Summary
Rapid imaging of large biological tissue specimens such as ultrathick sections of mouse brain cannot easily be performed with a standard microscope. Optical mesoscopy offers a solution, but thus far imaging has been too slow to be useful for routine use. We have developed two different illuminators for light-sheet mesoscopy with the Mesolens and we demonstrate their use in high-speed optical mesoscale imaging of large tissue specimens. The first light-sheet approach uses Gaussian optics and is straightforward to implement. It provides excellent lateral resolution and high-speed imaging, but the axial resolution is poor.

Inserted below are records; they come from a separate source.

text \<open>Split at \<open>K = \<lceil>\<surd>b\<rceil>\<close>: below \<open>K\<close> use \<open>ln (1 + y\<^sup>2) \<le> 4 \<surd>y\<close>, above it \<open>ln (1 + y) \<le> y\<close>.\<close>
lemma sum_ln_one_plus_le:
  fixes a :: "nat \<Rightarrow> real"
  assumes b: "b \<ge> 0" and a0: "\<And>k. 0 \<le> a k" and ab: "\<And>k. a k \<le> b / (real k + 1)\<^sup>2"
  shows "(\<Sum>k<n. ln (1 + a k)) \<le> 9 * (sqrt b + 1)"
proof (cases "b = 0")
  case True
  then have "a k = 0" for k using a0[of k] ab[of k] by simp
  then show ?thesis using b by simp
next
  case False
  define r where "r = sqrt b"
  have r: "r > 0" using b False unfolding r_def by simp
  define K where "K = nat \<lceil>r\<rceil>"
  have K1: "1 \<le> K" and Kr: "r \<le> real K" "real K \<le> r + 1" using r unfolding K_def by linarith+
  define m where "m = max n K"
  have "(\<Sum>k<n. ln (1 + a k)) \<le> (\<Sum>k<m. ln (1 + a k))"
    using a0 by (intro sum_mono2) (auto simp: m_def)
  also have "\<dots> = (\<Sum>k<K. ln (1 + a k)) + (\<Sum>k\<in>{K..<m}. ln (1 + a k))"
    using sum.atLeastLessThan_concat[of 0 K m "\<lambda>k. ln (1 + a k)"] by (simp add: m_def lessThan_atLeast0)
  also have "(\<Sum>k<K. ln (1 + a k)) \<le> (\<Sum>k<K. 4 * sqrt r * (1 / sqrt (real k + 1)))"
  proof (rule sum_mono)
    fix k
    have "ln (1 + a k) \<le> ln (1 + (r / (real k + 1))\<^sup>2)"
      using ab[of k] a0[of k] b unfolding r_def by (simp add: power_divide)
    also have "\<dots> \<le> 4 * sqrt (r / (real k + 1))" using r by (intro ln_one_plus_sq_le) simp
    finally show "ln (1 + a k) \<le> 4 * sqrt r * (1 / sqrt (real k + 1))"
      by (simp add: real_sqrt_divide)
  qed
  also have "\<dots> \<le> 4 * sqrt r * (2 * sqrt (real K))"
    by (simp only: sum_distrib_left[symmetric]) (intro mult_left_mono sum_inverse_sqrt_le; use r in simp)
  also have "\<dots> \<le> 8 * (r + 1)"
  proof -
    have "sqrt r * sqrt (real K) \<le> sqrt ((r + 1) * (r + 1))"
      unfolding real_sqrt_mult[symmetric] using Kr r by (intro real_sqrt_le_mono mult_mono) auto
    then show ?thesis using r by simp
  qed
  also have "(\<Sum>k\<in>{K..<m}. ln (1 + a k)) \<le> (\<Sum>k\<in>{K..<m}. b * (1 / (real k + 1)\<^sup>2))"
    using a0 ab ln_add_one_self_le_self order_trans by (intro sum_mono) fastforce
  also have "\<dots> \<le> b * (1 / real K)"
    by (simp only: sum_distrib_left[symmetric]) (intro mult_left_mono sum_inverse_sq_tail_le K1, auto simp: m_def b)
  also have "\<dots> \<le> r"
  proof -
    have "b = r * r" using b unfolding r_def by simp
    moreover have "r * r \<le> r * real K" using Kr(1) r by (intro mult_left_mono) auto
    ultimately show ?thesis using K1 by (simp add: field_simps)
  qed
  finally show ?thesis unfolding r_def by simp
qed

The second light-sheet is a more complex Airy light-sheet that provides sub-cellular resolution in three dimensions that is comparable in quality to point-scanning confocal mesoscopy, but the light-sheet method of illuminating the specimen reduces the imaging time by a factor of 14. This creates new possibilities for high-content, higher-throughput optical bioimaging at the mesoscale.

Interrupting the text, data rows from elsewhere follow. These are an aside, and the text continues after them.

text \<open>IM for the two-sided ideal I = <1 - yx>: the R-submodule of M generated by
  the elements (1 - yx) m (since I = R(1-yx)R and RM = M).\<close>
definition IM :: "('k::field \<Rightarrow> 'a::ab_group_add \<Rightarrow> 'a) \<Rightarrow> ('a \<Rightarrow> 'a) \<Rightarrow> ('a \<Rightarrow> 'a) \<Rightarrow> 'a set" where
  "IM s X Y = \<Inter>{S. module.subspace s S \<and> X ` S \<subseteq> S \<and> Y ` S \<subseteq> S
                     \<and> range (\<lambda>m. m - Y (X m)) \<subseteq> S}"

text \<open>The map alpha : M/IM \<rightarrow> M is represented by its
  composite a = alpha \<circ> p with the projection p : M \<rightarrow> M/IM; i.e. a is K-linear, vanishes on IM
  (factors through M/IM), commutes with x (K[x]-linearity, x acting on M/IM via [m] \<mapsto> [xm]),
  and p \<circ> alpha = id, i.e. a m - m \<in> IM.  Then im alpha = range a.\<close>
definition wsp :: "('k::field \<Rightarrow> 'a::ab_group_add \<Rightarrow> 'a) \<Rightarrow> ('a \<Rightarrow> 'a) \<Rightarrow> ('a \<Rightarrow> 'a) \<Rightarrow> ('a \<Rightarrow> 'a) \<Rightarrow> bool" where
  "wsp s X Y a \<longleftrightarrow> jmod s X Y \<and> Vector_Spaces.linear s s a
     \<and> (\<forall>m \<in> IM s X Y. a m = 0)
     \<and> (\<forall>m. a (X m) = X (a m))
     \<and> (\<forall>m. a m - m \<in> IM s X Y)"

definition wsp_hom :: "('k::field \<Rightarrow> 'a::ab_group_add \<Rightarrow> 'a) \<Rightarrow> ('a \<Rightarrow> 'a) \<Rightarrow> ('a \<Rightarrow> 'a) \<Rightarrow> ('a \<Rightarrow> 'a)
     \<Rightarrow> ('k \<Rightarrow> 'b::ab_group_add \<Rightarrow> 'b) \<Rightarrow> ('b \<Rightarrow> 'b) \<Rightarrow> ('b \<Rightarrow> 'b) \<Rightarrow> ('b \<Rightarrow> 'b)
     \<Rightarrow> ('a \<Rightarrow> 'b) \<Rightarrow> bool" where
  "wsp_hom s X Y a t X' Y' b phi \<longleftrightarrow>
     Vector_Spaces.linear s t phi \<and> (\<forall>m. phi (X m) = X' (phi m)) \<and> (\<forall>m. phi (Y m) = Y' (phi m))
     \<and> phi ` range a \<subseteq> range b"

definition M0 :: "('a::ab_group_add \<Rightarrow> 'a) \<Rightarrow> 'a set" where
  "M0 X = {m. X m = 0}"

definition psi_e :: "('k::field \<Rightarrow> 'a::ab_group_add \<Rightarrow> 'a) \<Rightarrow> ('a \<Rightarrow> 'a) \<Rightarrow> ('a \<Rightarrow> 'a) \<Rightarrow> ('a \<Rightarrow> 'a)
     \<Rightarrow> 'a \<Rightarrow> 'a" where
  "psi_e s X Y a m = (THE m1. m1 \<in> IM s X Y \<and> Y m - m1 \<in> range a)"

definition lin_on :: "('k::field \<Rightarrow> 'a::ab_group_add \<Rightarrow> 'a) \<Rightarrow> ('k \<Rightarrow> 'b::ab_group_add \<Rightarrow> 'b)
     \<Rightarrow> 'a set \<Rightarrow> ('a \<Rightarrow> 'b) \<Rightarrow> bool" where
  "lin_on s t A f \<longleftrightarrow> (\<forall>p\<in>A. \<forall>q\<in>A. f (p + q) = f p + f q) \<and> (\<forall>c. \<forall>p\<in>A. f (s c p) = t c (f p))"

text \<open>Representations of Gamma (vertices u, v; arrow e : v \<rightarrow> u; loop f at v),
  realised on subspaces Mu, Mv of an ambient K-vector space.\<close>
definition gamma_rep :: "('k::field \<Rightarrow> 'a::ab_group_add \<Rightarrow> 'a) \<Rightarrow> 'a set \<times> 'a set \<times> ('a \<Rightarrow> 'a) \<times> ('a \<Rightarrow> 'a) \<Rightarrow> bool" where
  "gamma_rep s R \<longleftrightarrow> (case R of (Mu, Mv, pe, pf) \<Rightarrow>
     vector_space s \<and> module.subspace s Mu \<and> module.subspace s Mv
     \<and> pe \<in> Mv \<rightarrow> Mu \<and> lin_on s s Mv pe \<and> pf \<in> Mv \<rightarrow> Mv \<and> lin_on s s Mv pf)"

definition gamma_rep_D :: "('k::field \<Rightarrow> 'a::ab_group_add \<Rightarrow> 'a) \<Rightarrow> 'a set \<times> 'a set \<times> ('a \<Rightarrow> 'a) \<times> ('a \<Rightarrow> 'a) \<Rightarrow> bool" where
  "gamma_rep_D s R \<longleftrightarrow> gamma_rep s R \<and> (case R of (Mu, Mv, pe, pf) \<Rightarrow> bij_betw pf Mv Mv)"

Competing Interest Statement
The authors have declared no competing interest.
Footnotes
↵* joint first authors
↵† senior author
Additional author contact information: jan.schniete{at}strath.ac.uk, katrina.wesencraft{at}strath.ac.uk, juan.quintana{at}glasgow.ac.uk, g.mcconnell{at}strath.ac.uk
Data availability statement: All data underpinning this publication are publicly available on request from the University of Strathclyde KnowledgeBase at: https://doi.org/10.15129/b44a4a73-ae23-46f2-b13f-5017955e8fe2
Ethics: Animal experimentation: All experimental procedures using animals were conducted in strict accordance with the United Kingdom Animals (Scientific Procedures) Act, 1986 and approved by the Home Office (UK).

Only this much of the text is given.